Background: While standard reductionist approaches have provided some insights into specific gene polymorphisms and molecular pathways involved in disease pathogenesis, our understanding of complex traits such as atherosclerosis or type 2 diabetes remains incomplete. Gene expression profiling provides an unprecedented opportunity to understand complex human diseases by providing a global view of the multiple interactions across the genome that are likely to contribute to disease pathogenesis. Thus, the goal of gene expression profiling is not to generate lists of differentially expressed genes, but to identify the physiologic or pathogenic processes and structures represented in the expression profile.
Methods: RNA was separately extracted from peripheral blood neutrophils and mononuclear leukocytes, labeled, and hybridized to genome level microarrays to generate expression profiles of children with polyarticular juvenile idiopathic arthritis, juvenile dermatomyositis relative to childhood controls. Statistically significantly differentially expressed genes were identified from samples of each disease relative to controls. Functional network analysis identified interactions between products of these differentially expressed genes.

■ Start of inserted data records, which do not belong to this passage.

lemma sums_to_double:
  assumes s: "sums_to A B C F K" and t: "\<forall>k\<in>K. sums_to A B (F k) (H k) J" and fJ: "finite J"
  shows "sums_to A B C (\<lambda>(k,j). H k j) (K \<times> J)"
  unfolding sums_to_def
proof (intro conjI ballI allI)
  show "finite (K \<times> J)" using s fJ by (simp add: sums_to_def)
  show "C \<in> Tr T A B" using s by (simp add: sums_to_def)
  show "(case x of (k, j) \<Rightarrow> H k j) \<in> Tr T A B" if "x \<in> K \<times> J" for x
    using that t by (auto simp: sums_to_def)
  fix S r e assume r: "r \<in> Tr T II (sc T A S)" and e: "e \<in> Tr T (sc T B S) II"
  have "ext_prob T C S r e = (\<Sum>k\<in>K. ext_prob T (F k) S r e)" using s r e by (simp add: sums_to_def)
  also have "\<dots> = (\<Sum>k\<in>K. \<Sum>j\<in>J. ext_prob T (H k j) S r e)"
    using t r e by (intro sum.cong) (auto simp: sums_to_def)
  also have "\<dots> = (\<Sum>x\<in>K \<times> J. ext_prob T (case x of (k, j) \<Rightarrow> H k j) S r e)"
    by (simp add: sum.cartesian_product split_def)
  finally show "ext_prob T C S r e = (\<Sum>x\<in>K \<times> J. ext_prob T (case x of (k, j) \<Rightarrow> H k j) S r e)" .
qed

text \<open>Post-composing with \<open>G\<close> moves into the test effect; pre-composing with \<open>C\<close> into the
  input state. Hence coarse-graining commutes with sequential composition on either side.\<close>

lemma ext_prob_seqc:
  assumes C: "C \<in> Tr T A B" and G: "G \<in> Tr T B B'" and r: "r \<in> Tr T II (sc T A S)"
    and e: "e \<in> Tr T (sc T B' S) II"
  shows "ext_prob T (G \<circ>\<^sub>T C) S r e = ext_prob T C S r (e \<circ>\<^sub>T (G \<otimes>\<^sub>T ID S))"
    and "ext_prob T (G \<circ>\<^sub>T C) S r e = ext_prob T G S ((C \<otimes>\<^sub>T ID S) \<circ>\<^sub>T r) e"
proof -
  have C1: "C \<otimes>\<^sub>T ID S \<in> Tr T (sc T A S) (sc T B S)" using parc_Tr[OF C idt_Tr] .
  have G1: "G \<otimes>\<^sub>T ID S \<in> Tr T (sc T B S) (sc T B' S)" using parc_Tr[OF G idt_Tr] .
  have split: "(G \<circ>\<^sub>T C) \<otimes>\<^sub>T ID S \<circ>\<^sub>T r = (G \<otimes>\<^sub>T ID S) \<circ>\<^sub>T ((C \<otimes>\<^sub>T ID S) \<circ>\<^sub>T r)"
    using seq_par_id_right[OF C G, of S] seqc_assoc_rev[OF r C1 G1] by simp
  then show "ext_prob T (G \<circ>\<^sub>T C) S r e = ext_prob T C S r (e \<circ>\<^sub>T (G \<otimes>\<^sub>T ID S))"
    unfolding ext_prob_def using seqc_assoc_rev[OF Tr_seqI[OF r C1] G1 e] by simp
  show "ext_prob T (G \<circ>\<^sub>T C) S r e = ext_prob T G S ((C \<otimes>\<^sub>T ID S) \<circ>\<^sub>T r) e"
    unfolding ext_prob_def using split by simp
qed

Results: In silico models of both diseases demonstrated similar features with properties of scale-free networks previously described in physiologic systems. These networks were observable in both cells of the innate immune system (neutrophils) and cells of the adaptive immune system (peripheral blood mononuclear cells).
Conclusion: Genome-level transcriptional profiling from childhood onset rheumatic diseases suggested complex interactions in two arms of the immune system in both diseases. The disease associated networks showed scale-free network patterns similar to those reported in normal physiology. We postulate that these features have important implications for therapy as such networks are relatively resistant to perturbation.